WORK INSTRUCTION
Find how many lines of the entries contain the word "lambda", then report that figure alone.

────────────────

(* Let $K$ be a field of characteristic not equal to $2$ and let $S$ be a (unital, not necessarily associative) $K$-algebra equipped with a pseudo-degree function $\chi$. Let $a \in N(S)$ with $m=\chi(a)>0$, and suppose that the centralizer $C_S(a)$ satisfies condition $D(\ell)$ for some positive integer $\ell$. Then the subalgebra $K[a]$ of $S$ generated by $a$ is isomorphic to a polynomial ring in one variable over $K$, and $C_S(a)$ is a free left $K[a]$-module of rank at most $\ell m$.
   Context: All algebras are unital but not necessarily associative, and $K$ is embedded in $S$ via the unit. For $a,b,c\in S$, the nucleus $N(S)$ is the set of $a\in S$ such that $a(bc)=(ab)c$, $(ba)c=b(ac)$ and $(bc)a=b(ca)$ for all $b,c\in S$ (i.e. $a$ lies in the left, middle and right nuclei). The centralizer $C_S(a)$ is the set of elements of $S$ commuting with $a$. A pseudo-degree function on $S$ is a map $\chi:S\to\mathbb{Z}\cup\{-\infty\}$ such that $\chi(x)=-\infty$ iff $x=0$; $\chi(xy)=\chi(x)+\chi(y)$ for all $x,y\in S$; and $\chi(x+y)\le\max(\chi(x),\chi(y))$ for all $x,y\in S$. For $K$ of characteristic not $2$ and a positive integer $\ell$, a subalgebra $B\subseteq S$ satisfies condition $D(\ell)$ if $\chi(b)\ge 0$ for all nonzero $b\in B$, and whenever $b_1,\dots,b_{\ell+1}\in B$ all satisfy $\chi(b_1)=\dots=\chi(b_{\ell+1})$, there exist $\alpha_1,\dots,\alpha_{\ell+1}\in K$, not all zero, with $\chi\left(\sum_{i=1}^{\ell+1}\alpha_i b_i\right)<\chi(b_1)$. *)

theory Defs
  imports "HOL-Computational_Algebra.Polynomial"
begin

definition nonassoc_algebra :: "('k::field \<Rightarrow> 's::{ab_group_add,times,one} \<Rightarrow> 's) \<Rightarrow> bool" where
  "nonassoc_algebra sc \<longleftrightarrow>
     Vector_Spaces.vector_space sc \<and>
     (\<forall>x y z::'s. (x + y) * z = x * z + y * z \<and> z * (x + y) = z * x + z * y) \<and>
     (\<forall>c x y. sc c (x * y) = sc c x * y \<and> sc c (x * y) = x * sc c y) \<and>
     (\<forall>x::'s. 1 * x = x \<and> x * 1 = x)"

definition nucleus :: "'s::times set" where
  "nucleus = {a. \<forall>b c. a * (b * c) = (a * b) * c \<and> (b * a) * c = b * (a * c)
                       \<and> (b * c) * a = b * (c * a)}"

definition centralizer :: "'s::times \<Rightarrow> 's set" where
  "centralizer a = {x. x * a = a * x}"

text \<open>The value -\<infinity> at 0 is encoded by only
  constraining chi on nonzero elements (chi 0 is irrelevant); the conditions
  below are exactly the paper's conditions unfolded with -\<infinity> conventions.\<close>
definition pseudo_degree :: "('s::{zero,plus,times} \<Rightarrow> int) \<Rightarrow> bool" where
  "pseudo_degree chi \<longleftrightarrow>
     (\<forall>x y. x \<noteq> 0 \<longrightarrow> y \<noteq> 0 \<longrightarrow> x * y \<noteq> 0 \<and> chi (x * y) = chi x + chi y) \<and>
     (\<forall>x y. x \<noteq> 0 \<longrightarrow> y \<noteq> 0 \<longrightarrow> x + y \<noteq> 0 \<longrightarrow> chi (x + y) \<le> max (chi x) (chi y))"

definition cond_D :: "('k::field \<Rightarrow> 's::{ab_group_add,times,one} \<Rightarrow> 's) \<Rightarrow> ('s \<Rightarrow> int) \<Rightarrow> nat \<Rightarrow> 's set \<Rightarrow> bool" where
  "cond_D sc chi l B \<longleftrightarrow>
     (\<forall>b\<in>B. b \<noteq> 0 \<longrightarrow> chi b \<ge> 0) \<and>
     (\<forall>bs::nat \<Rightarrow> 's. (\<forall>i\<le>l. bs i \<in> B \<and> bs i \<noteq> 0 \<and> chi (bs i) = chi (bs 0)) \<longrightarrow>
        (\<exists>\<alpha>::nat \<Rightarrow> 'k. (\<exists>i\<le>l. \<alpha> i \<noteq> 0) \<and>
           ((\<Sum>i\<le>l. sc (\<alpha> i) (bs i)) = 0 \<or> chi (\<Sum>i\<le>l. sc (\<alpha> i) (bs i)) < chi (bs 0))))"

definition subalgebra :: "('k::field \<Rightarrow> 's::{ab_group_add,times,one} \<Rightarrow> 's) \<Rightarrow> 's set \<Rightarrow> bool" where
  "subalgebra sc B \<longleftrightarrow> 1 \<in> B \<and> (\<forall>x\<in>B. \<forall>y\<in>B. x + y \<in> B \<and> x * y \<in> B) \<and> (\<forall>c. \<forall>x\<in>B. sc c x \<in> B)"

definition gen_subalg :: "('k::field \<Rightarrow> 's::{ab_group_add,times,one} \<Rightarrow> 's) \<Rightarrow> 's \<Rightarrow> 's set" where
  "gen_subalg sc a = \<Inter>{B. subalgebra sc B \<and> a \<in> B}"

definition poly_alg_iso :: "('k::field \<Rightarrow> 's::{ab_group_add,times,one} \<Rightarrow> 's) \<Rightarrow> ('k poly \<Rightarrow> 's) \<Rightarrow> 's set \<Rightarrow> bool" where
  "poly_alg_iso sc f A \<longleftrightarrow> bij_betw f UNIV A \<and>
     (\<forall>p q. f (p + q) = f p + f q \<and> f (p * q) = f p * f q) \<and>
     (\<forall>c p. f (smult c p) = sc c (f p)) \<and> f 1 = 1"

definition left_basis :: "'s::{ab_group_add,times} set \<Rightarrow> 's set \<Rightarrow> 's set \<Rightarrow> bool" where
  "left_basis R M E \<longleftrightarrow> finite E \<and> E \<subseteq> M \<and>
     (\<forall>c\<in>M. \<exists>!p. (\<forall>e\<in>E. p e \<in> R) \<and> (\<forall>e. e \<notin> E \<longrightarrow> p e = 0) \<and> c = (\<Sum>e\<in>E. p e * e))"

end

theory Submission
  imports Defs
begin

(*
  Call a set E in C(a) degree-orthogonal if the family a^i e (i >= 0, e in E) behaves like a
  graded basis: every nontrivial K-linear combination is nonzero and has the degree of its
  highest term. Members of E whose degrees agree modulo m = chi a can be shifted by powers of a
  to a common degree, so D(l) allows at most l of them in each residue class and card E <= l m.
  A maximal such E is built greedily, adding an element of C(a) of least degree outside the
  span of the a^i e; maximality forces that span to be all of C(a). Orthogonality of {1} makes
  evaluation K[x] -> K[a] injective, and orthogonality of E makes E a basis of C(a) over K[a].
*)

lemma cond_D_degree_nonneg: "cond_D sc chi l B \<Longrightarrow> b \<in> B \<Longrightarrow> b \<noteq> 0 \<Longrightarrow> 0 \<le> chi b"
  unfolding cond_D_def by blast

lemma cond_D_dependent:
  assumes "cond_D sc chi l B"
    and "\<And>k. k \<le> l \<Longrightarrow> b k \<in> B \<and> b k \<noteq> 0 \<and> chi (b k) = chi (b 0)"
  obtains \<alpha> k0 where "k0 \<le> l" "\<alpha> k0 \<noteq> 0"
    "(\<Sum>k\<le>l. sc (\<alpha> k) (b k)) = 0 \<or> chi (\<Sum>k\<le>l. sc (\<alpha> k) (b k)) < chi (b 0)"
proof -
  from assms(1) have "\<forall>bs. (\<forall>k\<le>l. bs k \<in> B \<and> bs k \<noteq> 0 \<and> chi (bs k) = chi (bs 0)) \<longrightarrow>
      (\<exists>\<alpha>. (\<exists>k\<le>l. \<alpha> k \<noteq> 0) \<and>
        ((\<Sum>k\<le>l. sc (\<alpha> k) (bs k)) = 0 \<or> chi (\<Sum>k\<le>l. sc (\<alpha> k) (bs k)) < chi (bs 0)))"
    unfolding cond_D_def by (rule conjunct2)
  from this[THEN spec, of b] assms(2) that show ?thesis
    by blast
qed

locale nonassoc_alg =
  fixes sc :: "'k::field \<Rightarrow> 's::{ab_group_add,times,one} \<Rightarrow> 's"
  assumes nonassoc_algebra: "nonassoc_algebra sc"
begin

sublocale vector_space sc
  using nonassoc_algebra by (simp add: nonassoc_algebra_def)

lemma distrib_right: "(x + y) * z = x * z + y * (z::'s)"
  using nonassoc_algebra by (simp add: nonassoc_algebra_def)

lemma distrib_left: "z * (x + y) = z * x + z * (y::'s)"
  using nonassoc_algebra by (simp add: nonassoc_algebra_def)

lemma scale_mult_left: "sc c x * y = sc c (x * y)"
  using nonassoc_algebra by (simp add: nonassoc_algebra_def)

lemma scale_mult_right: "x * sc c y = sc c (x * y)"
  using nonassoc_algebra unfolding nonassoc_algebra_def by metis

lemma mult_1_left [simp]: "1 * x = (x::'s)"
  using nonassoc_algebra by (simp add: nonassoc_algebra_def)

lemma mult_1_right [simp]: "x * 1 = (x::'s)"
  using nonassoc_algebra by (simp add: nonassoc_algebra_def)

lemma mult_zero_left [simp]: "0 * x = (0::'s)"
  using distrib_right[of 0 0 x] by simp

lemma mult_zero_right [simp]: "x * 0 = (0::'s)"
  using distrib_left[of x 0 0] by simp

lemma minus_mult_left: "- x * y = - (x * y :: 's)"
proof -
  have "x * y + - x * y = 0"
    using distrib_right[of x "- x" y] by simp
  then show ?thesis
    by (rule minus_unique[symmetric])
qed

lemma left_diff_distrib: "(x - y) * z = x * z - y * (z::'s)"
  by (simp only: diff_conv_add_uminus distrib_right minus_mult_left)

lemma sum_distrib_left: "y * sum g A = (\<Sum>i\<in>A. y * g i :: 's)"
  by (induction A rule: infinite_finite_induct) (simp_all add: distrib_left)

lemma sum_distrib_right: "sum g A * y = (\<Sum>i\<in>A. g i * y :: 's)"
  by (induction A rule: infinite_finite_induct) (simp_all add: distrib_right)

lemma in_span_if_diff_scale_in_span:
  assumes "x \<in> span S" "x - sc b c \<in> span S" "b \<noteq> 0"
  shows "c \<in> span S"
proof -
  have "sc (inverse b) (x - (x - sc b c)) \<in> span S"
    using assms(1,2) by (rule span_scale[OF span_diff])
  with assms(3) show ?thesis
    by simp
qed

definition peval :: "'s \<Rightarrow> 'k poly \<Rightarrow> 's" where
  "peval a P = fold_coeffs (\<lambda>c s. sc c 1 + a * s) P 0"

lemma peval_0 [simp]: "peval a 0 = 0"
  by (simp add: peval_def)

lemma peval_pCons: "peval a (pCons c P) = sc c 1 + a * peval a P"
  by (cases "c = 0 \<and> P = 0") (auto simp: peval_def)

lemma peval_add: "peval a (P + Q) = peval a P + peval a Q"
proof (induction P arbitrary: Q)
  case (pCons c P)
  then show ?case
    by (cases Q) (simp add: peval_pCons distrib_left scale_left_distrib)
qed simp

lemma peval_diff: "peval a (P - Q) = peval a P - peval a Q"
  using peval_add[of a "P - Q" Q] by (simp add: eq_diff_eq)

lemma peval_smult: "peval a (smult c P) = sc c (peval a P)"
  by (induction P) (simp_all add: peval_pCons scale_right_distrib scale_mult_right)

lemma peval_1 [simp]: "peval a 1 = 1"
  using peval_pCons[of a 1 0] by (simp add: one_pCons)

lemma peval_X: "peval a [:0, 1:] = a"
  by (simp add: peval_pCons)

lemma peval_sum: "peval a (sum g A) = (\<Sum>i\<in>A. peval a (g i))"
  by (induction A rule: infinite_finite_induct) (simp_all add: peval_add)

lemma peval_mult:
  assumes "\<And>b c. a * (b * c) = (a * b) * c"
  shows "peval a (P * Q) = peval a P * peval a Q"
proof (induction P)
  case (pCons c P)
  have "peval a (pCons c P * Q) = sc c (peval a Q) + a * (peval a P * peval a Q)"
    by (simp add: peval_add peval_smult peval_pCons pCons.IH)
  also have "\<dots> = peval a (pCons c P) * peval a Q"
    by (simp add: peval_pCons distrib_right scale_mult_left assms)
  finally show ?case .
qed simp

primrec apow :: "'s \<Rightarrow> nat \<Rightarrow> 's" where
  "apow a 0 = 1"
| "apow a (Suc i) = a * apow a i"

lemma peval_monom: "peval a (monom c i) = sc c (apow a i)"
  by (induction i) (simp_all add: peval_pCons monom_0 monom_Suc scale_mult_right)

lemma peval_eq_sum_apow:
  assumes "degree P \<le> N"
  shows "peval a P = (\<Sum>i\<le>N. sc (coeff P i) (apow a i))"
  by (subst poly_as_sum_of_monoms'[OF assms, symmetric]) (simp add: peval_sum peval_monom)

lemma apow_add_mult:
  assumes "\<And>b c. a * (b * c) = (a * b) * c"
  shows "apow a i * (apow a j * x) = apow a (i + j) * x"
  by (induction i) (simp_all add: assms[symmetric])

────────────────

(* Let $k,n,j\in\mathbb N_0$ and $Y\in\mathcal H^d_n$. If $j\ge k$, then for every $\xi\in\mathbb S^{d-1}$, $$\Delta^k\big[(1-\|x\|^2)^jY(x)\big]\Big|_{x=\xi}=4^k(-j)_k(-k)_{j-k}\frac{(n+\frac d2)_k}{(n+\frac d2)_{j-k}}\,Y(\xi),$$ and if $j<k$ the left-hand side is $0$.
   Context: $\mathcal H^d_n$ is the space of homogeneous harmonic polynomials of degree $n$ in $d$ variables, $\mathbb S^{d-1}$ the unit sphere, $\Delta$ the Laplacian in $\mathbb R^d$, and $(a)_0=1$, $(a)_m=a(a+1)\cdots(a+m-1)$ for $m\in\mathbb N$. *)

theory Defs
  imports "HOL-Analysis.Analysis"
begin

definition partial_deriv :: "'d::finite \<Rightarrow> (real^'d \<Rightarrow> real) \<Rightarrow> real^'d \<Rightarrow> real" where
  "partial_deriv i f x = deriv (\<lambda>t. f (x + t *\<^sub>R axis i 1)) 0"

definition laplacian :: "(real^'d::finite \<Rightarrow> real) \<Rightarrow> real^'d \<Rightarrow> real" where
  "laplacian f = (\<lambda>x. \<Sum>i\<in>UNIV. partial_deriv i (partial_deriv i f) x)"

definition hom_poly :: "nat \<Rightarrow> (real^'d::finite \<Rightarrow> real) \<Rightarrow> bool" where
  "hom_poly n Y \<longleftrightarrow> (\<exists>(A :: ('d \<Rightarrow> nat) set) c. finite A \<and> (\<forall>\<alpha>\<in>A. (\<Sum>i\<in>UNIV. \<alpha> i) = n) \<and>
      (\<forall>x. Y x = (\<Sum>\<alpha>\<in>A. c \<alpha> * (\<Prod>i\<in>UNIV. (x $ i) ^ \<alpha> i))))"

────────────────

WORKED SOLUTION
3